- [WORK TO BE COMPLETED]:
All lines from the one containing "(* If B vanishes" down to the one containing "factor exp (theta", both ends included, are to be given again exactly; omit the rest of the listing below.

*** Block opens ***

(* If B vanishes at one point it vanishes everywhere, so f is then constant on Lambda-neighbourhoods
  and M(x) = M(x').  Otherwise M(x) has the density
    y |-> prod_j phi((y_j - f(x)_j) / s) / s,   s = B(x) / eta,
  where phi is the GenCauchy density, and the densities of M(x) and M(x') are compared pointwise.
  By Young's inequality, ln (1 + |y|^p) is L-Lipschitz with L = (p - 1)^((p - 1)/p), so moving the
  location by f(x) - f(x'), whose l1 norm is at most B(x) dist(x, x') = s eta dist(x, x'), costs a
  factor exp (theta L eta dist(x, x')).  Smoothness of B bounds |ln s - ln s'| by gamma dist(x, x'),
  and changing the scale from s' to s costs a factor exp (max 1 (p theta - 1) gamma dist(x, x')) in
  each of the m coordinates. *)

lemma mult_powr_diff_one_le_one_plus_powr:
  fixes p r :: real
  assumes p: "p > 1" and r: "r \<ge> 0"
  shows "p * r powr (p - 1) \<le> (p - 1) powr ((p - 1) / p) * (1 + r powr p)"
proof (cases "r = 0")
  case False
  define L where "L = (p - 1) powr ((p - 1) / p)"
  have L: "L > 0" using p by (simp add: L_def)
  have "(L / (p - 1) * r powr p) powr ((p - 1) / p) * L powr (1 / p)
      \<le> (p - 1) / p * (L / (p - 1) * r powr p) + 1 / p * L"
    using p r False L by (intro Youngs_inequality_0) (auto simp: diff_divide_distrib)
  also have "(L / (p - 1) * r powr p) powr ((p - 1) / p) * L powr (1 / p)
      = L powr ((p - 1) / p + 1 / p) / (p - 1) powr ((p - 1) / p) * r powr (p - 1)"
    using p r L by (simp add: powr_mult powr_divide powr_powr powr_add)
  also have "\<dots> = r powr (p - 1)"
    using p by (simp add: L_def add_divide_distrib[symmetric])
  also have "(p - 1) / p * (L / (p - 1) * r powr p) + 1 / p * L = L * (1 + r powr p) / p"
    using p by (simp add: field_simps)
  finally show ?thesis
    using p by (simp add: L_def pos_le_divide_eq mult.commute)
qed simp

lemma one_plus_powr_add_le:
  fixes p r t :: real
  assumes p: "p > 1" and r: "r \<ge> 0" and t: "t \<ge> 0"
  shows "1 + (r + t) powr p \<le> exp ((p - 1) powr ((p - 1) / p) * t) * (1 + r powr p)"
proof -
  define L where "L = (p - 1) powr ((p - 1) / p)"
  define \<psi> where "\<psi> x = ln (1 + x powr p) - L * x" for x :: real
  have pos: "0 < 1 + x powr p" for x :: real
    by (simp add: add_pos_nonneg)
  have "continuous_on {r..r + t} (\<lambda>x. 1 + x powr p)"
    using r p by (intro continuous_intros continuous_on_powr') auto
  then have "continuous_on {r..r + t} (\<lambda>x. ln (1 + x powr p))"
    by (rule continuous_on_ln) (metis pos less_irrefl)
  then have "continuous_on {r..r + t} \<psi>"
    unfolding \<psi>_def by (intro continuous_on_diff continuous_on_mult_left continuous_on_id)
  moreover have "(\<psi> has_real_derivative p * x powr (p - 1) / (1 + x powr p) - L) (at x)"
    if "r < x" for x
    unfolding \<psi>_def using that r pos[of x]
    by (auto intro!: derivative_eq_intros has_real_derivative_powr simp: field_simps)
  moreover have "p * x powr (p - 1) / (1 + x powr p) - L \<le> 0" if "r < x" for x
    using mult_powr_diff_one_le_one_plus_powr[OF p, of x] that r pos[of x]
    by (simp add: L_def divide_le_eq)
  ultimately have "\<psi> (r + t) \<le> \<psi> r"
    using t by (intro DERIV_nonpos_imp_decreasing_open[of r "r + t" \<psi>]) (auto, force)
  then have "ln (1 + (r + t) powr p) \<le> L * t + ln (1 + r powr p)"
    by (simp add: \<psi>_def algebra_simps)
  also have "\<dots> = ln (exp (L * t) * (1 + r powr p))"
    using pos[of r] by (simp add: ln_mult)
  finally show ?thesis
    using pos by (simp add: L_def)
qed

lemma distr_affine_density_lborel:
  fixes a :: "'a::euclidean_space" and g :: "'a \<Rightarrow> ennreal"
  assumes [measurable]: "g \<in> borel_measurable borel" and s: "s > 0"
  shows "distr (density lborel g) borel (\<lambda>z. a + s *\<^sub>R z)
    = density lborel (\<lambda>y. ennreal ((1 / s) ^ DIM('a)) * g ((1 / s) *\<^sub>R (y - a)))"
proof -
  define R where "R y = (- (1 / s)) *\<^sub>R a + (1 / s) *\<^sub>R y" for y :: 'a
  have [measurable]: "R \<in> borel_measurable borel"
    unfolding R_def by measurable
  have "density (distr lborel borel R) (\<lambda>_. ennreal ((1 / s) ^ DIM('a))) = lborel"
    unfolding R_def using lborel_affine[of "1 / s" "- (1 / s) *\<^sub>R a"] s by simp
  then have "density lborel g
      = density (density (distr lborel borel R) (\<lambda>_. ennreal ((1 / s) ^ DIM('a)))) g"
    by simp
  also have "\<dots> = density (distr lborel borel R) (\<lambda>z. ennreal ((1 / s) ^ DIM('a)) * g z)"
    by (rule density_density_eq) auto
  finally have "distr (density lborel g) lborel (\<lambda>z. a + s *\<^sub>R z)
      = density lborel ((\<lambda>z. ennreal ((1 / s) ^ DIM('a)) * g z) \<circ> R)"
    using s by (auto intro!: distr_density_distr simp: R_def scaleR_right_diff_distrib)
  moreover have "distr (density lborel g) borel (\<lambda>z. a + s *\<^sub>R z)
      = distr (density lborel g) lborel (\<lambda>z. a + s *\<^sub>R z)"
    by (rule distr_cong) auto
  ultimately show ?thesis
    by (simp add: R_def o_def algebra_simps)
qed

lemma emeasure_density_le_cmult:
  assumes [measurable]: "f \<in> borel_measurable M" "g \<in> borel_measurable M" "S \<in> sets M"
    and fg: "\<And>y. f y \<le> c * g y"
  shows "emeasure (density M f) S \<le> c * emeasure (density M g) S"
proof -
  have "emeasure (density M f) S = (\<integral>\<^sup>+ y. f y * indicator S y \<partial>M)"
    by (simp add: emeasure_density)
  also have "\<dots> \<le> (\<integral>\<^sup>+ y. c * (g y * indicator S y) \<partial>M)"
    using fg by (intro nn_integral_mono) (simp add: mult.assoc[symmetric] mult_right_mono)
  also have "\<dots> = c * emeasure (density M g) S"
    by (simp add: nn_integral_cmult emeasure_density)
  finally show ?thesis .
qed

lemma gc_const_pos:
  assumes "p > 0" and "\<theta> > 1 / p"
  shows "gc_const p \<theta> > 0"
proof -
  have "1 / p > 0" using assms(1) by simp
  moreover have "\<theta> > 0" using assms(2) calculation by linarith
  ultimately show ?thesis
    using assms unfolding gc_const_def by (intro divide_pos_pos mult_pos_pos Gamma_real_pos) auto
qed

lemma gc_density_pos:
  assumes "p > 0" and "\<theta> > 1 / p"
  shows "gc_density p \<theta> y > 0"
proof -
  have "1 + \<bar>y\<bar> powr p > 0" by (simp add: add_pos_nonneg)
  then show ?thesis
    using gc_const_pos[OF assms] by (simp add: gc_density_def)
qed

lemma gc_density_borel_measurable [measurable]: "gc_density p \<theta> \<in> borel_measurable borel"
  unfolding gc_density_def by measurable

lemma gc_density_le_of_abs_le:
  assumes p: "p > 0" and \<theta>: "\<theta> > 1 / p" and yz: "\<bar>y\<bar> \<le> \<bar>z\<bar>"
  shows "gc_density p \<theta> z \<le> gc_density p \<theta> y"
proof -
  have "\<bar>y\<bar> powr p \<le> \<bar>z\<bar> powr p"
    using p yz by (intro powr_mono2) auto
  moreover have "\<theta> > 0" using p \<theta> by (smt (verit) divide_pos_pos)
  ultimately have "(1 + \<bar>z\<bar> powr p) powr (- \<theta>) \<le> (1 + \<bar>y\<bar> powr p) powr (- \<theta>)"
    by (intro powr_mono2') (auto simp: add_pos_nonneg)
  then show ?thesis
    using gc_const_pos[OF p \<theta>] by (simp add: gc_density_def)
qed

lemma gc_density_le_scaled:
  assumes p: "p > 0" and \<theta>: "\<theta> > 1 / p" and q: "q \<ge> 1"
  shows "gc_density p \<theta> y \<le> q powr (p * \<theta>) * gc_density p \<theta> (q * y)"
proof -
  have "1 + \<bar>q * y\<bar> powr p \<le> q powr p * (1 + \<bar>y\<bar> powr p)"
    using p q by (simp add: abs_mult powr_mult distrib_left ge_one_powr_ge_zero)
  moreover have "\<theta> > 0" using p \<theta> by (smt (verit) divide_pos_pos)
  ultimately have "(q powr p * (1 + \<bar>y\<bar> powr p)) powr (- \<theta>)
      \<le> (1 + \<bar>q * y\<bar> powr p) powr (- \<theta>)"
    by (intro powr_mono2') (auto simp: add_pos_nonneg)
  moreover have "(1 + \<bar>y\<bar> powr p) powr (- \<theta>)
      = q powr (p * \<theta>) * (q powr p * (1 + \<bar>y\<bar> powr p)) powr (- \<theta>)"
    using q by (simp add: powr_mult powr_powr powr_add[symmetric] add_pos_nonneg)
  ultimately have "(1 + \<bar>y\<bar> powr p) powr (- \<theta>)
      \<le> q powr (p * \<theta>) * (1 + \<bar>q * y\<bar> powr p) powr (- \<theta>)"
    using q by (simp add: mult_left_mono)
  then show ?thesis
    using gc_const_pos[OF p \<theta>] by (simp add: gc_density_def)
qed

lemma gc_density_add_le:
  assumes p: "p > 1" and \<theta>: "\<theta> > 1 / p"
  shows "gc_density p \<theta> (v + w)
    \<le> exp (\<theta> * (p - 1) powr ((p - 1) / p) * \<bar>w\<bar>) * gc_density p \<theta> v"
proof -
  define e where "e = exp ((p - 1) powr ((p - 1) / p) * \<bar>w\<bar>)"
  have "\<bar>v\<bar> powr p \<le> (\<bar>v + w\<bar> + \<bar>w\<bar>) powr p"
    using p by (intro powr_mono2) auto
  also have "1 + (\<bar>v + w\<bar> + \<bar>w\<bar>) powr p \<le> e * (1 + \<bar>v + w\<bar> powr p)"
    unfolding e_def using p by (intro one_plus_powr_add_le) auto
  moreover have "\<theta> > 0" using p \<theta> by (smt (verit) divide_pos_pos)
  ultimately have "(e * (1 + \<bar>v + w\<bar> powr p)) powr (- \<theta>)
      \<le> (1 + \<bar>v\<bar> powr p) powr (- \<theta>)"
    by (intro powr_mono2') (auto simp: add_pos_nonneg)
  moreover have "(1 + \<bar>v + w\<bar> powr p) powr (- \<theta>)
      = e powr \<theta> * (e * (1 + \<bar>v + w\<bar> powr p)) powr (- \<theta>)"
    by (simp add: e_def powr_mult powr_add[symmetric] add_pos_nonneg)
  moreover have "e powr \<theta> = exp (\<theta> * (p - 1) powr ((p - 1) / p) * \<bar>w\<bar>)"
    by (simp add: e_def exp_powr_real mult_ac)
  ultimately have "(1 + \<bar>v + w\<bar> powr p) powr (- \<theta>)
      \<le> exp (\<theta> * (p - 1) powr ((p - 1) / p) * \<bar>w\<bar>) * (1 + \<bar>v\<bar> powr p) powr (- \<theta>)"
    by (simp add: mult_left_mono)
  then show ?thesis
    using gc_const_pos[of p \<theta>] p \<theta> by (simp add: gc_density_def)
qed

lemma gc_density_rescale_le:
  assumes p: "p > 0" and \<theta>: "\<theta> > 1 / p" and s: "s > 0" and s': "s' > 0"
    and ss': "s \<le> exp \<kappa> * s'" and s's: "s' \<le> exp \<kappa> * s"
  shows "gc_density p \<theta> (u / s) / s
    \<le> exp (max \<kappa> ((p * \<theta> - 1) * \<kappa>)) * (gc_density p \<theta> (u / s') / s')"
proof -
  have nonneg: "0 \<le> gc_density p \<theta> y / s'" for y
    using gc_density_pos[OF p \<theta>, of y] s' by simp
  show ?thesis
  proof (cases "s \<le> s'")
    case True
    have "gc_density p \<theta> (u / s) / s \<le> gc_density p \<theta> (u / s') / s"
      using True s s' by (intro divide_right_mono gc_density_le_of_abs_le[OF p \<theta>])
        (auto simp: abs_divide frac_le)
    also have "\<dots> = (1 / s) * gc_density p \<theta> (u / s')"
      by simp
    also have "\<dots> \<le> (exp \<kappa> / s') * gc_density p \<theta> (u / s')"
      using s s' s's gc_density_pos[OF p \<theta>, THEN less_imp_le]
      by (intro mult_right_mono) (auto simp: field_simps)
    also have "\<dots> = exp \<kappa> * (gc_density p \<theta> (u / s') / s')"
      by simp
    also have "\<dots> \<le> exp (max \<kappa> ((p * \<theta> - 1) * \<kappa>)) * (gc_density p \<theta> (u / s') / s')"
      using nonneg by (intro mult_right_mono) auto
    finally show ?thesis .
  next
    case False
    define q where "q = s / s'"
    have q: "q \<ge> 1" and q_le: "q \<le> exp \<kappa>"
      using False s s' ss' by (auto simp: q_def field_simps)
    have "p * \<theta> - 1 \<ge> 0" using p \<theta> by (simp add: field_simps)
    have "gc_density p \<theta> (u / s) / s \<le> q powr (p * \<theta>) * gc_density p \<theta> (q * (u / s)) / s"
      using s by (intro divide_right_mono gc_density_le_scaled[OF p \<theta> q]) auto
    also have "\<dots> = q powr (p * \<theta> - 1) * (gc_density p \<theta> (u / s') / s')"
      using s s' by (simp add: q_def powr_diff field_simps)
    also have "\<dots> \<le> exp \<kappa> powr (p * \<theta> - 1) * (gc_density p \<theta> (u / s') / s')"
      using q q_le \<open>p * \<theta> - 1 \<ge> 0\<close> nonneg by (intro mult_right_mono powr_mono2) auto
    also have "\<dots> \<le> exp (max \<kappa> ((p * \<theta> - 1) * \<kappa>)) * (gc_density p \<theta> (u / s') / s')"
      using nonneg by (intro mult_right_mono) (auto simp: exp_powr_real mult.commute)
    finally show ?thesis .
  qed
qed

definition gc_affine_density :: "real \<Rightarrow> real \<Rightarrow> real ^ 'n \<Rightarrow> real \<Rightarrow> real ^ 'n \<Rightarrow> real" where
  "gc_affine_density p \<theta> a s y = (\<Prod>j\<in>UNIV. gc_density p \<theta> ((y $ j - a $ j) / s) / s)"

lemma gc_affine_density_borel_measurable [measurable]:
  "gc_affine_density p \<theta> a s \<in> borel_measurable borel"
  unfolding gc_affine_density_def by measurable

*** Block closes ***
*** Block opens ***

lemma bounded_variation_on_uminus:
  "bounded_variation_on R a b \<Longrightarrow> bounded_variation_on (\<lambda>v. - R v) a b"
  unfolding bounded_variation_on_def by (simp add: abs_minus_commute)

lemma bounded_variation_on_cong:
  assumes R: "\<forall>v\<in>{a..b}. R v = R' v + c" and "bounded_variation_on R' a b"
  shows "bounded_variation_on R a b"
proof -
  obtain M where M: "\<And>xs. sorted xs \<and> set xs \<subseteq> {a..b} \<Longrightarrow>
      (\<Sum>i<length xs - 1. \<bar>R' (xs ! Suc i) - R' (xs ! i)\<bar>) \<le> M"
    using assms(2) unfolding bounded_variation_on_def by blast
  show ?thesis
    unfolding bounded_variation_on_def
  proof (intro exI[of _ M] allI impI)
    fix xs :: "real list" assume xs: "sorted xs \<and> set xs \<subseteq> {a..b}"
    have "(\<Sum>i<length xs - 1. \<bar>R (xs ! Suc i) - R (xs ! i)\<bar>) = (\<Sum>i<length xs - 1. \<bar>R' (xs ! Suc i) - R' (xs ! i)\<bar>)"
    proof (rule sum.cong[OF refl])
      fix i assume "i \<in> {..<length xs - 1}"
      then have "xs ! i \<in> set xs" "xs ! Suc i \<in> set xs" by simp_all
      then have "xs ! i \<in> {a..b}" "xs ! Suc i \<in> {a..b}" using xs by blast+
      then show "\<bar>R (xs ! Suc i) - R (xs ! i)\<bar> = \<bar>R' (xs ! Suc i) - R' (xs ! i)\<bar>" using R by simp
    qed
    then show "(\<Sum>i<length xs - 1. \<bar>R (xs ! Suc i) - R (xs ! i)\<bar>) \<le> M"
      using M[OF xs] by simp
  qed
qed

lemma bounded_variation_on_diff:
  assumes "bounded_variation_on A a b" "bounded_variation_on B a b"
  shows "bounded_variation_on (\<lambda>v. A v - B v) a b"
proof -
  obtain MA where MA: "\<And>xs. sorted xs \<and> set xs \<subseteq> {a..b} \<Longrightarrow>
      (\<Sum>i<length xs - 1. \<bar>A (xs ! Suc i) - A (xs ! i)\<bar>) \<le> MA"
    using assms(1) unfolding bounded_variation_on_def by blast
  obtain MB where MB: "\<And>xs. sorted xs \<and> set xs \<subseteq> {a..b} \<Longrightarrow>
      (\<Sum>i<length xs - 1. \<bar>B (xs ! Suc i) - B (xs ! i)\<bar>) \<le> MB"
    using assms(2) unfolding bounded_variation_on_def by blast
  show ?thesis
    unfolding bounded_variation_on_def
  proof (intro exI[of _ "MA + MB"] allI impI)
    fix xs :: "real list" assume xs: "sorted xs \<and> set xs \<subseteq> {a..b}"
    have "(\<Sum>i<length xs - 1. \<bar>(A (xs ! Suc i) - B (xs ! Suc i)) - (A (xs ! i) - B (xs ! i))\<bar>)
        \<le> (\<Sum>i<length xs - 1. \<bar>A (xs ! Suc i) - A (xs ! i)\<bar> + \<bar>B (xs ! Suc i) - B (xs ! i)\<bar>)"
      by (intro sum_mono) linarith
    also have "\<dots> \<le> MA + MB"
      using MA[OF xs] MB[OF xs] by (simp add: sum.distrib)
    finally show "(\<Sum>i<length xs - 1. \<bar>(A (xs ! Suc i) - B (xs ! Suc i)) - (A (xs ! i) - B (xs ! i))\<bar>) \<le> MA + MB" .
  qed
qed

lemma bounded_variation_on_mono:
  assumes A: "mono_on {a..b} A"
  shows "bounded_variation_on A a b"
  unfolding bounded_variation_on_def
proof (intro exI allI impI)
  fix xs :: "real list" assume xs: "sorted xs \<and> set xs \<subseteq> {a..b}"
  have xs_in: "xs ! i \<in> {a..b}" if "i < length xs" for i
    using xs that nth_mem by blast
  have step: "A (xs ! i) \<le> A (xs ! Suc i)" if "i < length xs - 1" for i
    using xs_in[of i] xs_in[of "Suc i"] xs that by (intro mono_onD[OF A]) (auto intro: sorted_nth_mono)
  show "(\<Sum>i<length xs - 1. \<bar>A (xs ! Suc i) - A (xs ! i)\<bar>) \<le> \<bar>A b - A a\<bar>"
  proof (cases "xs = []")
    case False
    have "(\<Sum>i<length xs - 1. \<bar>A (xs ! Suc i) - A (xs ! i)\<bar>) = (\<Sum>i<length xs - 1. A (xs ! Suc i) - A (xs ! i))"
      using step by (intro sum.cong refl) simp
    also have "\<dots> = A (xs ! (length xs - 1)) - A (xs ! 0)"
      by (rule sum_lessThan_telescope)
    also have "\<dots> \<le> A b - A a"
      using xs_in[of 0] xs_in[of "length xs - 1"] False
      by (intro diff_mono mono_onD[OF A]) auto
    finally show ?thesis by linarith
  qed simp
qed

*** Block closes ***
*** Block opens ***

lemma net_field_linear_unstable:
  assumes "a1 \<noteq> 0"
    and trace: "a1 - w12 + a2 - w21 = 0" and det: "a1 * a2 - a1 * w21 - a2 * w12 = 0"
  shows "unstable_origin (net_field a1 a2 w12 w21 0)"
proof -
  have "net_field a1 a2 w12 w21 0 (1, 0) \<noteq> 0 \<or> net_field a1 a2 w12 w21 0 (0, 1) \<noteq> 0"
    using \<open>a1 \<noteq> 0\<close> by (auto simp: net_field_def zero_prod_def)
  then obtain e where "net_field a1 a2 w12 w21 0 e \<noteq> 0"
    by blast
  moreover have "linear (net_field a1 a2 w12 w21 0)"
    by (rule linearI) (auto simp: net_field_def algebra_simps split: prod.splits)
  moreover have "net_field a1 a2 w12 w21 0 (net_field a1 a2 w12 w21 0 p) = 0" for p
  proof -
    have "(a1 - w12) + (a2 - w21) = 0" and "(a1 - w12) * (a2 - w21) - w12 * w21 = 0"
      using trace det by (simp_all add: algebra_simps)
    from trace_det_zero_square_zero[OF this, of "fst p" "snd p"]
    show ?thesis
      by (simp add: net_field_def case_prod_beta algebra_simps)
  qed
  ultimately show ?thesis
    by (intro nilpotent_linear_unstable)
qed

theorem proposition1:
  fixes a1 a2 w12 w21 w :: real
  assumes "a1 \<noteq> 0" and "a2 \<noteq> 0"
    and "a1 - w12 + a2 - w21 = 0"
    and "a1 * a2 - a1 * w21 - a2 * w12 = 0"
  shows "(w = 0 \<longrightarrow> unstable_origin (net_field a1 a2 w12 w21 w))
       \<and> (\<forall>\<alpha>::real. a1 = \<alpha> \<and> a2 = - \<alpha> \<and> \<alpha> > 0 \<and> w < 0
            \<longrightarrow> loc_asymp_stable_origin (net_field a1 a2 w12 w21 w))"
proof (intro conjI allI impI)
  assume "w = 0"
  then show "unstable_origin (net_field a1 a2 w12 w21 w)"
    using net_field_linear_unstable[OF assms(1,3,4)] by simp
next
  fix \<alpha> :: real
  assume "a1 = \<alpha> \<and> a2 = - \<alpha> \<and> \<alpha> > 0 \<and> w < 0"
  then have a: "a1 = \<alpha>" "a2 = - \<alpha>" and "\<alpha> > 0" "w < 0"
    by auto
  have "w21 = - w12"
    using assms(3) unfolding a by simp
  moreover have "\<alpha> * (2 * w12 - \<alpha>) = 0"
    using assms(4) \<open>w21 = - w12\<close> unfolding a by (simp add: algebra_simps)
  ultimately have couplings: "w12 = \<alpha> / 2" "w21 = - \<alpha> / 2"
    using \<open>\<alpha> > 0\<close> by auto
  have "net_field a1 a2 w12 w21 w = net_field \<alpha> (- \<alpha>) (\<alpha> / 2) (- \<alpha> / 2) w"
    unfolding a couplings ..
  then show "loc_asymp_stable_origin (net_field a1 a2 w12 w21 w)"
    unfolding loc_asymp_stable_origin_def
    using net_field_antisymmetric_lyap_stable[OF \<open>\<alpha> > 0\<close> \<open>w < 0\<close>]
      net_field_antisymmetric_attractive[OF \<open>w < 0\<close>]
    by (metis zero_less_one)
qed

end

*** Block closes ***

- [WORKED SOLUTION]:
(* If B vanishes at one point it vanishes everywhere, so f is then constant on Lambda-neighbourhoods
  and M(x) = M(x').  Otherwise M(x) has the density
    y |-> prod_j phi((y_j - f(x)_j) / s) / s,   s = B(x) / eta,
  where phi is the GenCauchy density, and the densities of M(x) and M(x') are compared pointwise.
  By Young's inequality, ln (1 + |y|^p) is L-Lipschitz with L = (p - 1)^((p - 1)/p), so moving the
  location by f(x) - f(x'), whose l1 norm is at most B(x) dist(x, x') = s eta dist(x, x'), costs a
  factor exp (theta L eta dist(x, x')).  Smoothness of B bounds |ln s - ln s'| by gamma dist(x, x'),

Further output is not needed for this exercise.